Prinsip penting dalam pembuktian TPPU, sebagaimana ditegaskan Pasal 69 UU TPPU, adalah bahwa tindak pidana pencucian uang tidak wajib dibuktikan terlebih dahulu tindak pidana asalnya melalui putusan yang berkekuatan hukum, tetapi cukup dengan bukti permulaan yang cukup mengenai adanya tindak pidana asal. Ketentuan ini memberi penyidik keleluasaan untuk menyidik TPPU secara paralel dengan penyidikan korupsi, sekaligus menjadi instrumen pemulihan aset (asset recovery) yang lebih efektif dibanding semata mengandalkan delik korupsi konvensional.
Implikasi terhadap Kepercayaan Publik dan Upaya Menjaga Kredibilitas Antarlembaga
Ada dimensi yang tidak bisa diabaikan dalam kasus ini bahwa yang diduga terlibat bukan pejabat biasa, melainkan figur yang selama ini menjadi salah satu wajah utama pemberantasan korupsi di Indonesia. Ironi ini berpotensi menimbulkan dua reaksi publik yang saling bertolak belakang yakni di satu sisi ada apresiasi bahwa "tidak ada yang kebal hukum," di sisi lain muncul kekhawatiran bahwa kepercayaan terhadap institusi penegak hukum tengah tergerus dari dalam.

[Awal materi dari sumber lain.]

lemma log_quotient_deriv:
  assumes \<alpha>: "op_non_carleman_shift \<alpha>"
  shows "C1_pos (\<lambda>t. ln (\<alpha> t / t))"
    and "\<And>t. 0 < t \<Longrightarrow> t * deriv (\<lambda>t. ln (\<alpha> t / t)) t = deriv \<alpha> t * inverse (\<alpha> t / t) - 1"
proof -
  have D: "((\<lambda>t. ln (\<alpha> t / t)) has_real_derivative deriv \<alpha> t / \<alpha> t - 1 / t) (at t)" if "0 < t" for t
    using op_non_carleman_shift_pos[OF \<alpha> that] that
    by (auto intro!: derivative_eq_intros op_non_carleman_shift_has_deriv[OF \<alpha> that] simp: field_simps)
  then have d: "deriv (\<lambda>t. ln (\<alpha> t / t)) t = deriv \<alpha> t / \<alpha> t - 1 / t" if "0 < t" for t
    using that by (intro DERIV_imp_deriv)
  have "continuous_on {0<..} (\<lambda>t. deriv \<alpha> t / \<alpha> t - 1 / t)"
    using op_non_carleman_shift_cont[OF \<alpha>] op_non_carleman_shift_deriv_cont[OF \<alpha>]
      op_non_carleman_shift_pos[OF \<alpha>, THEN less_imp_neq]
    by (intro continuous_intros) auto
  then show "C1_pos (\<lambda>t. ln (\<alpha> t / t))"
    unfolding C1_pos_def
  proof (intro conjI allI impI)
    show "(\<lambda>t. ln (\<alpha> t / t)) differentiable at t" if "0 < t" for t
      using D[OF that] real_differentiable_def by blast
  qed (rule continuous_on_cong[THEN iffD1, rotated 2], simp_all add: d)
  show "t * deriv (\<lambda>t. ln (\<alpha> t / t)) t = deriv \<alpha> t * inverse (\<alpha> t / t) - 1" if "0 < t" for t
    using op_non_carleman_shift_pos[OF \<alpha> that] that by (simp add: d field_simps)
qed

lemma SOS_D:
  assumes "\<alpha> \<in> SOS"
  shows "slowly_oscillating (deriv \<alpha>)"
    and "\<exists>m M. 0 < m \<and> (\<forall>t>0. m \<le> deriv \<alpha> t \<and> deriv \<alpha> t \<le> M)"
proof -
  have \<alpha>: "op_non_carleman_shift \<alpha>" using assms unfolding SOS_def by blast
  show "slowly_oscillating (deriv \<alpha>)"
    using assms unfolding SOS_def slowly_oscillating_def by blast
  have "(\<lambda>t. complex_of_real (ln (deriv \<alpha> t))) \<in> Cb" using assms unfolding SOS_def by blast
  then obtain B where B: "\<And>t. 0 < t \<Longrightarrow> \<bar>ln (deriv \<alpha> t)\<bar> \<le> B"
    unfolding Cb_def bounded_iff by auto
  have "exp (-B) \<le> deriv \<alpha> t \<and> deriv \<alpha> t \<le> exp B" if "0 < t" for t
  proof -
    have "-B \<le> ln (deriv \<alpha> t)" "ln (deriv \<alpha> t) \<le> B" using B[OF that] by linarith+
    then have "exp (-B) \<le> exp (ln (deriv \<alpha> t))" "exp (ln (deriv \<alpha> t)) \<le> exp B" by simp_all
    then show ?thesis using op_non_carleman_shift_deriv_pos[OF \<alpha> that] by simp
  qed
  then show "\<exists>m M. 0 < m \<and> (\<forall>t>0. m \<le> deriv \<alpha> t \<and> deriv \<alpha> t \<le> M)"
    by (intro exI[of _ "exp (-B)"] exI[of _ "exp B"]) simp
qed

lemma log_quotient_exponent:
  assumes \<alpha>: "op_non_carleman_shift \<alpha>" and SO: "slowly_oscillating (deriv \<alpha>)"
    and m: "0 < m" and bounds: "\<And>t. 0 < t \<Longrightarrow> m \<le> deriv \<alpha> t \<and> deriv \<alpha> t \<le> M"
  defines "\<omega> \<equiv> \<lambda>t. ln (\<alpha> t / t)"
  shows "(\<forall>t>0. \<alpha> t = t * exp (\<omega> t)) \<and> slowly_oscillating \<omega> \<and> C1_pos \<omega> \<and>
    slowly_oscillating (\<lambda>t. t * deriv \<omega> t) \<and> (INF t\<in>{0<..}. 1 + t * deriv \<omega> t) > 0"
proof (intro conjI allI impI)
  let ?g = "\<lambda>t. \<alpha> t / t"
  have g_bounds: "m \<le> ?g t \<and> ?g t \<le> M" if "0 < t" for t
    using op_non_carleman_shift_ge_linear[OF \<alpha> _ that] op_non_carleman_shift_le_linear[OF \<alpha> _ that]
      bounds that by (simp add: field_simps)
  have gSO: "slowly_oscillating ?g"
    using slowly_oscillating_shift_quotient[OF \<alpha> _ SO] bounds by blast
  show "\<alpha> t = t * exp (\<omega> t)" if "0 < t" for t
    using g_bounds[OF that] m that unfolding \<omega>_def by simp
  show "slowly_oscillating \<omega>"
    unfolding \<omega>_def using g_bounds by (intro slowly_oscillating_compose[OF gSO _ lipschitz_on_ln[OF m]]) auto
  show "C1_pos \<omega>" unfolding \<omega>_def by (rule log_quotient_deriv(1)[OF \<alpha>])
  have "slowly_oscillating (\<lambda>t. inverse (?g t))"
    using g_bounds by (intro slowly_oscillating_compose[OF gSO _ lipschitz_on_inverse[OF m]]) auto
  from slowly_oscillating_mult[OF SO this]
  have "slowly_oscillating (\<lambda>t. deriv \<alpha> t * inverse (?g t) - 1)"
    by (rule slowly_oscillating_compose[where \<phi> = "\<lambda>x. x - 1", OF _ _ lipschitz_on_translate[of UNIV]])
      simp
  then show "slowly_oscillating (\<lambda>t. t * deriv \<omega> t)"
    by (rule slowly_oscillating_cong) (simp add: \<omega>_def log_quotient_deriv(2)[OF \<alpha>])
  have "m * inverse M \<le> 1 + t * deriv \<omega> t" if "0 < t" for t
  proof -
    have "m * inverse M \<le> deriv \<alpha> t * inverse (?g t)"
    proof (rule mult_mono)
      show "inverse M \<le> inverse (?g t)"
        using g_bounds[OF that] m by (intro le_imp_inverse_le) auto
    qed (use bounds[OF that] m in auto)
    then show ?thesis using that by (simp add: \<omega>_def log_quotient_deriv(2)[OF \<alpha>])
  qed
  then have "m * inverse M \<le> (INF t\<in>{0<..}. 1 + t * deriv \<omega> t)"
    by (intro cINF_greatest) auto
  moreover have "0 < m * inverse M" using m bounds[of 1] by simp
  ultimately show "(INF t\<in>{0<..}. 1 + t * deriv \<omega> t) > 0" by linarith
qed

Saya berpandangan bahwa beberapa implikasi dan langkah konstruktif yang perlu digarisbawahi:
- Pertama, menjaga independensi sekaligus mengantisipasi potensi konflik kepentingan antarlembaga. Publik tentu akan mencermati proses hukum ini karena tersangka berasal dari institusi Kejaksaan, sementara penyidik berasal dari Polri dan pada akhirnya berkas perkara akan kembali dilimpahkan ke Kejaksaan Agung untuk proses penuntutan. Mekanisme tersebut memang telah sesuai dengan ketentuan peraturan perundang-undangan yang menempatkan Kejaksaan sebagai dominus litis. Namun demikian, kondisi tersebut tetap berpotensi memunculkan persepsi adanya konflik kepentingan secara kelembagaan, meskipun masing-masing institusi menjalankan kewenangannya secara profesional.

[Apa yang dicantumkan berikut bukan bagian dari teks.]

(* Consider the delayed bandit setting and Algorithm DEW described in the context, run with learning rate $\eta>0$ and a known bound $d_{\max}$ with $d_{\max}\ge \max_t d_t$. Then, against an oblivious adversary, its expected regret satisfies $$\bar{\mathcal R}_T\le \max\left\{\frac{\ln K}{\eta},\,4e\,d_{\max}\ln K\right\}+\eta\left(\frac{KTe}{2}+D\right),$$ where $D=\sum_{t=1}^T d_t$. In particular, if $T$ and $D$ are known and $\eta=\sqrt{\frac{\ln K}{KTe/2+D}}$ satisfies $\eta\le \frac{1}{4e\,d_{\max}}$, then $$\bar{\mathcal R}_T\le 2\sqrt{\left(\frac{KTe}{2}+D\right)\ln K}.$$
   Context: Setting: fix integers $K\ge 2$, $T\ge 1$, and write $[K]=\{1,\dots,K\}$. An oblivious adversary fixes in advance losses $\ell_t^a\in[0,1]$ for $t=1,2,\dots$, $a\in[K]$, and nonnegative integer delays $d_1,d_2,\dots$. In each round $t$ the learner picks (possibly at random) an action $A_t\in[K]$ and suffers loss $\ell_t^{A_t}$; at the end of round $t$ (after $A_t$ has been chosen) it observes the pairs $(s,\ell_s^{A_s})$ for all $s\le t$ with $s+d_s=t$. The expected regret is $\bar{\mathcal R}_T=\mathbb E\big[\sum_{t=1}^T\ell_t^{A_t}\big]-\min_{a\in[K]}\sum_{t=1}^T\ell_t^a$, the expectation being over the learner's randomization. $D=\sum_{t=1}^T d_t$. Algorithm DEW (delayed exponential weights) with inputs $\eta>0$ and $d_{\max}\ge\max_t d_t$: set $\eta'=\min\{\eta,(4e\,d_{\max})^{-1}\}$ and $w_0^a=1$ for all $a$. For $t=1,2,\dots$: let $p_t^a=w_{t-1}^a/\sum_b w_{t-1}^b$; draw $A_t\sim p_t$ and play it; at the end of round $t$, for every $s$ with $s+d_s=t$ form the estimates $\hat\ell_s^a=\ell_s^a\mathbb 1(a=A_s)/p_s^a$ for all $a$; update $w_t^a=w_{t-1}^a\exp\big(-\eta'\sum_{s:\,s+d_s=t}\hat\ell_s^a\big)$. *)

theory Defs
  imports "HOL-Analysis.Analysis"
begin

- Kedua, pentingnya keterbukaan mengenai konstruksi perkara. Hingga saat ini penyidik belum menguraikan secara lengkap modus operandi maupun peran spesifik setiap tersangka. Dalam perkara yang melibatkan pejabat tinggi penegak hukum, transparansi yang proporsional menjadi elemen penting untuk menjaga legitimasi proses hukum. Keterbukaan tersebut tentu tetap harus memperhatikan asas praduga tak bersalah dan tidak mengganggu jalannya penyidikan, tetapi cukup untuk mencegah berkembangnya spekulasi di ruang publik.
- Ketiga, perlunya pengawasan eksternal yang independen. Pembentukan Panitia Kerja (Panja) oleh Komisi III DPR RI dapat dipandang sebagai bentuk pengawasan politik terhadap proses hukum. Namun pengawasan tersebut akan lebih kuat apabila disertai pengawasan teknis dan etik dari lembaga seperti Komisi Kejaksaan maupun Komisi Kepolisian Nasional (Kompolnas). Kehadiran lembaga-lembaga tersebut diharapkan mampu memastikan proses penyidikan berjalan secara objektif tanpa dipengaruhi kepentingan politik ataupun tekanan institusional.

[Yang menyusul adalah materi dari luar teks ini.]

lemma transfer_equivariant:
  assumes X: "X \<in> carrier_mat n n" and i: "i < N"
  shows "A i * transfer l X = phase \<cdot>\<^sub>m transfer l (At i * X)"
proof -
  have "related 1 (word_prod n At [i]) (word_prod n A [i])"
    using i by (intro comb_related_word_prod[OF At_dim A_dim]) (simp add: words_def)
  moreover have "At i \<in> carrier_mat n n" "A i \<in> carrier_mat n n" using A_dim At_dim i by auto
  ultimately have "related 1 (At i) (A i)" by simp
  from transfer_mult[OF this X order_refl] have "transfer (Suc l) (At i * X) = A i * transfer l X"
    by simp
  moreover have "At i * X \<in> carrier_mat n n" by (rule mult_carrier_mat) (use At_dim X i in auto)
  ultimately show ?thesis using transfer_Suc by simp
qed

lemma intertwiner_exists: "\<exists>S\<in>carrier_mat n n. S \<noteq> 0\<^sub>m n n \<and> (\<forall>i<N. A i * S = phase \<cdot>\<^sub>m (S * At i))"
proof -
  have "transfer l (unit_mat n 0 0) \<noteq> 0\<^sub>m n n"
  proof
    assume "transfer l (unit_mat n 0 0) = 0\<^sub>m n n"
    then have "related l (unit_mat n 0 0) (0\<^sub>m n n)"
      using related_transfer[OF order_refl, of "unit_mat n 0 0"] by simp
    moreover have "related l (0\<^sub>m n n) (0\<^sub>m n n)"
      using comb_related_word_comb[of n N At A l "\<lambda>_. 0"] by (simp add: word_comb_zero)
    ultimately have "unit_mat n 0 0 = 0\<^sub>m n n" by (rule related_unique_left)
    then have "unit_mat n 0 0 $$ (0, 0) = (0\<^sub>m n n :: complex mat) $$ (0, 0)" by simp
    then show False using n_pos by (simp add: unit_mat_def)
  qed
  then obtain a t where a: "a < n" and t: "t < n" and nonzero: "transfer l (unit_mat n 0 0) $$ (a, t) \<noteq> 0"
    using transfer_carrier[OF order_refl unit_mat_carrier] by (metis carrier_matD eq_matI index_zero_mat(1,2,3))
  define S where "S = mat n n (\<lambda>(r, s). transfer l (unit_mat n s 0) $$ (r, t))"
  have "A i * S = phase \<cdot>\<^sub>m (S * At i)" if i: "i < N" for i
    unfolding S_def
  proof (rule intertwiner_of_equivariant_map[OF _ _ t])
    show "A i \<in> carrier_mat n n" "At i \<in> carrier_mat n n" using i A_dim At_dim by auto
  qed (auto intro: transfer_carrier transfer_lincomb transfer_equivariant[OF _ i])
  moreover have "S \<noteq> 0\<^sub>m n n"
  proof
    assume "S = 0\<^sub>m n n"
    then have "S $$ (a, 0) = 0" using a n_pos by simp
    then show False using nonzero a n_pos by (simp add: S_def)
  qed
  moreover have "S \<in> carrier_mat n n" by (simp add: S_def)
  ultimately show ?thesis by blast
qed

lemma similarity: "similar_up_to_phase n N A At"
proof -
  obtain S where S: "S \<in> carrier_mat n n" and S_nonzero: "S \<noteq> 0\<^sub>m n n"
    and inter: "\<forall>i<N. A i * S = phase \<cdot>\<^sub>m (S * At i)"
    using intertwiner_exists by blast
  obtain T where T: "T \<in> carrier_mat n n" and TS: "T * S = 1\<^sub>m n" and ST: "S * T = 1\<^sub>m n"
    using intertwiner_invertible[OF A_dim At_dim S inter phase_nonzero S_nonzero spans_At[OF order_refl]]
    by blast
  have sim: "\<forall>i<N. A i = phase \<cdot>\<^sub>m (S * At i * T)"
  proof (intro allI impI)
    fix i assume "i < N"
    then show "A i = phase \<cdot>\<^sub>m (S * At i * T)"
      by (intro intertwiner_similarity[OF _ _ S T ST]) (use inter A_dim At_dim in auto)
  qed
  obtain m where m: "l \<le> m" "P m"
  proof (cases "P l")
    case False
    then have "P (Suc l)" using P_cover[OF l_pos] by simp
    then show ?thesis by (rule that[OF le_SucI[OF order_refl]])
  qed (rule that[OF order_refl])
  obtain \<kappa> where "cmod \<kappa> = 1"
    and \<kappa>: "\<forall>w\<in>words N m. mat_tr (word_prod n A w) = \<kappa> * mat_tr (word_prod n At w)"
    by (rule phase_tracesD[OF traces m(2)])
  have "\<forall>w\<in>words N m. mat_tr (word_prod n A w) = phase ^ m * mat_tr (word_prod n At w)"
    using mat_tr_similar_word_prod[OF A_dim At_dim T S ST TS sim] by (auto simp: words_def)
  then have "phase ^ m = \<kappa>"
    by (rule trace_scaling_unique[OF At_dim A_dim n_pos spans_At[OF m(1)] _ \<kappa>])
  with \<open>cmod \<kappa> = 1\<close> have "cmod (phase ^ m) = 1" by simp
  then have "cmod phase = 1" by (rule norm_eq_1_of_power) (use m(1) l_pos in simp)
  then show ?thesis
    unfolding similar_up_to_phase_def inverts_mat_def
    by (intro exI[of _ T] exI[of _ S] exI[of _ phase]) (use S T ST TS sim in auto)
qed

- Keempat, konsistensi dalam menerapkan hukum acara pidana. Kredibilitas penanganan perkara ini sangat bergantung pada kepatuhan aparat terhadap ketentuan KUHAP, termasuk pemenuhan hak-hak tersangka untuk mengajukan praperadilan apabila terdapat keberatan atas penetapan status hukumnya. Justru melalui mekanisme kontrol yudisial seperti itu, proses penegakan hukum akan memperoleh legitimasi yang lebih kuat di mata publik.
- Kelima, menjadikan perkara ini sebagai momentum reformasi kelembagaan. Apa pun hasil akhirnya nanti, kasus ini seharusnya menjadi bahan evaluasi terhadap sistem pengawasan internal aparat penegak hukum, khususnya dalam mengawasi penggunaan kewenangan diskresioner pada perkara-perkara besar. Selain itu, penguatan sistem pelaporan harta kekayaan, pengawasan gaya hidup, dan deteksi dini terhadap unexplained wealth perlu terus diperbaiki agar potensi penyalahgunaan kewenangan dapat dicegah sejak awal.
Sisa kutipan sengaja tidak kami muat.